* _How to complete this task_
Below are some entries; can you quote all of them exactly?

--- Input records Enclosed Below ---

(* Let $0<\Delta\le1/10$ and $n\ge1$. Let $\alpha_{i,j}\in[-\Delta,0]$ and $\gamma_{i,j}\in[0,\Delta]$ for $1\le i,j\le n$. Consider the $(n+1)\times(n+1)$ bimatrix game with matrices $R,C$ given by: $R_{i,j}=1+\alpha_{i,j}$, $C_{i,j}=\gamma_{i,j}$ for $1\le i,j\le n$; $R_{i,n+1}=0$, $C_{i,n+1}=1$ for $1\le i\le n$; $R_{n+1,j}=0$, $C_{n+1,j}=2\Delta$ for $1\le j\le n$; and $R_{n+1,n+1}=2\Delta$, $C_{n+1,n+1}=0$. Then this game satisfies the strong $(\Delta^2,4\Delta)$-approximation stability condition. Moreover, every $\Delta^2$-equilibrium $(p,q)$ of this game satisfies $\Delta/2\le p_1+\dots+p_n\le4\Delta$ and $\Delta/2\le q_1+\dots+q_n\le4\Delta$.
   Context: Mixed strategies $p,q$ are probability vectors in $\mathbb{R}^{n+1}$, payoffs $p^TRq$ and $p^TCq$, $e_i$ the $i$-th unit vector. $(p,q)$ is a Nash equilibrium if $e_i^TRq\le p^TRq$ and $p^TCe_j\le p^TCq$ for all $i,j$; an $\epsilon$-equilibrium if $e_i^TRq\le p^TRq+\epsilon$ and $p^TCe_j\le p^TCq+\epsilon$ for all $i,j$. Distance $d(p,p')=\frac12\sum_i|p_i-p'_i|$, $d((p,q),(p',q'))=\max(d(p,p'),d(q,q'))$; $\Delta$-close means distance $\le\Delta$. A game satisfies the strong $(\epsilon,\Delta)$-approximation stability condition if there is a Nash equilibrium $(p^*,q^* )$ of the game such that every $\epsilon$-equilibrium is $\Delta$-close to $(p^*,q^* )$. *)

theory Defs
  imports "HOL-Analysis.Analysis"
begin

(* Strategies of an (m x m) bimatrix game are vectors indexed by {..<m}
   (i.e. 0-based; index k corresponds to the paper's index k+1). *)

definition prob_vec :: "nat \<Rightarrow> (nat \<Rightarrow> real) \<Rightarrow> bool" where
  "prob_vec m p \<longleftrightarrow> (\<forall>i<m. p i \<ge> 0) \<and> (\<Sum>i<m. p i) = 1"

definition unit_vec :: "nat \<Rightarrow> nat \<Rightarrow> real" where
  "unit_vec i = (\<lambda>k. if k = i then 1 else 0)"

definition payoff :: "nat \<Rightarrow> (nat \<Rightarrow> real) \<Rightarrow> (nat \<Rightarrow> nat \<Rightarrow> real) \<Rightarrow> (nat \<Rightarrow> real) \<Rightarrow> real" where
  "payoff m p A q = (\<Sum>i<m. \<Sum>j<m. p i * A i j * q j)"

--- End of Enclosed Input records ---

* _Written solution_
(* Let $0<\Delta\le1/10$ and $n\ge1$. Let $\alpha_{i,j}\in[-\Delta,0]$ and $\gamma_{i,j}\in[0,\Delta]$ for $1\le i,j\le n$. Consider the $(n+1)\times(n+1)$ bimatrix game with matrices $R,C$ given by: $R_{i,j}=1+\alpha_{i,j}$, $C_{i,j}=\gamma_{i,j}$ for $1\le i,j\le n$; $R_{i,n+1}=0$, $C_{i,n+1}=1$ for $1\le i\le n$; $R_{n+1,j}=0$, $C_{n+1,j}=2\Delta$ for $1\le j\le n$; and $R_{n+1,n+1}=2\Delta$, $C_{n+1,n+1}=0$. Then this game satisfies the strong $(\Delta^2,4\Delta)$-approximation stability condition. Moreover, every $\Delta^2$-equilibrium $(p,q)$ of this game satisfies $\Delta/2\le p_1+\dots+p_n\le4\Delta$ and $\Delta/2\le q_1+\dots+q_n\le4\Delta$.
   Context: Mixed strategies $p,q$ are probability vectors in $\mathbb{R}^{n+1}$, payoffs $p^TRq$ and $p^TCq$, $e_i$ the $i$-th unit vector. $(p,q)$ is a Nash equilibrium if $e_i^TRq\le p^TRq$ and $p^TCe_j\le p^TCq$ for all $i,j$; an $\epsilon$-equilibrium if $e_i^TRq\le p^TRq+\epsilon$ and $p^TCe_j\le p^TCq+\epsilon$ for all $i,j$. Distance $d(p,p')=\frac12\sum_i|p_i-p'_i|$, $d((p,q),(p',q'))=\max(d(p,p'),d(q,q'))$; $\Delta$-close means distance $\le\Delta$. A game satisfies the strong $(\epsilon,\Delta)$-approximation stability condition if there is a Nash equilibrium $(p^*,q^* )$ of the game such that every $\epsilon$-equilibrium is $\Delta$-close to $(p^*,q^* )$. *)

theory Defs
  imports "HOL-Analysis.Analysis"
begin

(* Strategies of an (m x m) bimatrix game are vectors indexed by {..<m}
   (i.e. 0-based; index k corresponds to the paper's index k+1). *)

definition prob_vec :: "nat \<Rightarrow> (nat \<Rightarrow> real) \<Rightarrow> bool" where
  "prob_vec m p \<longleftrightarrow> (\<forall>i<m. p i \<ge> 0) \<and> (\<Sum>i<m. p i) = 1"

definition unit_vec :: "nat \<Rightarrow> nat \<Rightarrow> real" where
  "unit_vec i = (\<lambda>k. if k = i then 1 else 0)"

definition payoff :: "nat \<Rightarrow> (nat \<Rightarrow> real) \<Rightarrow> (nat \<Rightarrow> nat \<Rightarrow> real) \<Rightarrow> (nat \<Rightarrow> real) \<Rightarrow> real" where
  "payoff m p A q = (\<Sum>i<m. \<Sum>j<m. p i * A i j * q j)"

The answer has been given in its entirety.